9 Lumentum SQL Interview Questions (Updated 2024)
At Lumentum, SQL is crucial for analyzing manufacturing data and optimizing supply chain efficiencies. That's why Lumentum LOVES to ask SQL query questions in interviews for Data Science, Data Engineering and Data Analytics jobs.
To help you prepare for the Lumentum SQL interview, we've collected 9 Lumentum SQL interview questions – able to solve them?

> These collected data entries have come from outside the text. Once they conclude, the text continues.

(* In the blowup/base-change setting below, fix $p\in\{0,\dots,P-1\}$. Write $\Delta'=\sum_{m=1}^Nc_mM_m$ with $c_m\in\mathbb C^*$ and distinct monomials $M_m=t^{\tau_m}\big(\prod_{q=0}^Pe_q^{\epsilon_{q,m}}\big)s^{\sigma_m}$. Define $\epsilon_p^{(0)}:=\min\{\epsilon_{p,m}:\epsilon_{p+1,m}=0\}$ and $\epsilon_p^{(1)}:=\min\{\epsilon_{p+1,m}:\epsilon_{p,m}=0\}$, and for a positive integer $k$ define on $[0,k]$ the linear functions $\bar{\mathfrak L}_m(r):=(k-r)\epsilon_{p,m}+r\,\epsilon_{p+1,m}$ and $\bar{\mathfrak M}(r):=\min_{1\le m\le N}\bar{\mathfrak L}_m(r)$; let $\mathfrak M$ denote $\bar{\mathfrak M}$ for $k=1$, a function on $[0,1]$. (1) If there are special fibers at $B^{p,p+1}$, then $\epsilon_p^{(0)}>0$ and $\epsilon_p^{(1)}>0$. (2) $\bar n_{kp+r}=(k-r)n_p+r\,n_{p+1}+\bar{\mathfrak M}(r)$ for $r=0,1,\dots,k$. (3) $\bar{\mathfrak M}$ is piecewise linear and concave, $\bar{\mathfrak M}(kr)=k\,\mathfrak M(r)$ for $r\in[0,1]$, and $\mathfrak M(0)=\mathfrak M(1)=0$. The points $0<\mathcal R_1<\dots<\mathcal R_{\mathcal N-1}<1$ at which $\mathfrak M$ is not locally linear are rational numbers. (4) There are no special fibers at $\bar B^{\bar p,\bar p+1}$ for all $\bar p=kp,\dots,k(p+1)-1$ if and only if $k\mathcal R_\iota\in\mathbb Z$ for all $\iota=1,\dots,\mathcal N-1$, i.e. if and only if $k$ is a multiple of $k_0^{(p)}$, the smallest positive integer with this property (equal to the least common multiple of the denominators of the $\mathcal R_\iota$ in lowest terms).
   Context: Blowup setting. Let $f=f(s,t;u)$, $g=g(s,t;u)$ be complex polynomials, homogeneous in $(s,t)$ of degrees $8$ and $12$, defining a family of Weierstrass models $y^2=x^3+fxz^4+gz^6$ over $\mathbb P^1_{[s:t]}$ with parameter $u$; $\Delta:=4f^3+27g^2$. Let $a,b$ be the vanishing orders in $s$ at $s=0$ of $f,g$ for generic $u\ne0$ (not both $a\ge4$, $b\ge6$), and write $f=s^a\sum_i\mathcal F_i\,s^it^{8-a-i}$, $g=s^b\sum_j\mathcal G_j\,s^jt^{12-b-j}$. Assume the 3-fold vanishing orders of $(f,g,\Delta)$ at $(u,s)=(0,0)$ (largest $N$ with the function in $(u,s)^N$, $t=1$) are $(4+\alpha,6+\beta,12+\gamma)$ with $\alpha=0$ or $\beta=0$, and that this persists under all base changes $u\mapsto u^\ell$ (Classes 1–4). Blowup chain: $e_0:=u$; the $p$-th blowup substitutes $e_{p-1}\mapsto e_{p-1}e_p$, $s\mapsto se_p$ and divides $f,g,\Delta$ by $e_p^4,e_p^6,e_p^{12}$; $\mu_{q,i}$, $\nu_{q,j}$ are the vanishing orders in $e_q$ of the coefficients $\mathcal F_i(e_0,\dots)$, $\mathcal G_j(e_0,\dots)$; $P$ is the first number of blowups for which some $i<4-a$ with $\mathcal F_i\neq0$ has $\mu_{P,i}<4-a-i$ or some $j<6-b$ with $\mathcal G_j\ne0$ has $\nu_{P,j}<6-b-j$. Standing assumption: there is such an $i$ with $\mu_{P,i}=0$ or such a $j$ with $\nu_{P,j}=0$ (achievable by a preliminary base change). Base components $B^p=\{e_p=0\}$ form a chain, $B^{p,p+1}=\{e_p=e_{p+1}=0\}$. $n_p$ is the largest power of $e_p$ dividing $\Delta$ and $\Delta=\prod_qe_q^{n_q}\Delta'$. There is a special fiber at $B^{p,p+1}$ iff $\Delta'$ vanishes there, i.e. every monomial of $\Delta'$ is divisible by $e_p$ or $e_{p+1}$. Base change: for a positive integer $k$, the barred configuration $\bar{\mathcal Y}$ is obtained by substituting $u\mapsto u^k$ in $f,g$ and then performing the blowup chain, which now consists of $\bar P=kP$ blowups with coordinates $\bar e_0,\dots,\bar e_{\bar P}$; $\bar B^{\bar p}$, $\bar B^{\bar p,\bar p+1}$, $\bar n_{\bar p}$, $\bar\Delta'$ are defined analogously. *)

theory Defs
  imports "HOL-Analysis.Analysis" "HOL-Library.Poly_Mapping" "HOL-Library.Extended_Nat"
begin

text \<open>Polynomials in the variables s (index 0), t (index 1), e_q (index q+2), with e_0 = u.
  A polynomial is a finitely supported map from exponent vectors to complex coefficients.\<close>

type_synonym mpoly = "(nat \<Rightarrow>\<^sub>0 nat) \<Rightarrow>\<^sub>0 complex"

9 Lumentum SQL Interview Questions
SQL Question 1: Identifying VIP Customers at Lumentum
Lumentum makes optical and photonic products for corporate clients. One crucial customer activity is project initiation, where a customer client starts a new project using Lumentum products. The more projects a client starts, the more valuable they are to the company. A "VIP" client shall be defined as a client company who has started more than 3 projects in a month. Write a SQL query to identify these VIP client companies.
projects Example Input:
| project_id | client_id | start_date | product_id |
|---|---|---|---|
| 1001 | 425 | 06/02/2022 | 25 |
| 1002 | 425 | 06/05/2022 | 12 |
| 1003 | 425 | 06/20/2022 | 37 |
| 1004 | 725 | 06/05/2022 | 610 |
| 1005 | 425 | 06/25/2022 | 12 |
| 1006 | 725 | 07/02/2022 | 25 |
Example Output:
| month | year | client_id |
|---|---|---|
| 6 | 2022 | 425 |
Answer:
SELECT EXTRACT(MONTH FROM start_date) AS month, EXTRACT(YEAR FROM start_date) AS year, client_id FROM projects GROUP BY month, year, client_id HAVING COUNT(project_id) > 3;
The above query works by first extracting the month and year from the project start date. It then groups the data by month, year, and client ID and counts the number of projects each client has started during each month of each year. The HAVING clause filters the data so that only clients who have started more than 3 projects in a month are included in the final result.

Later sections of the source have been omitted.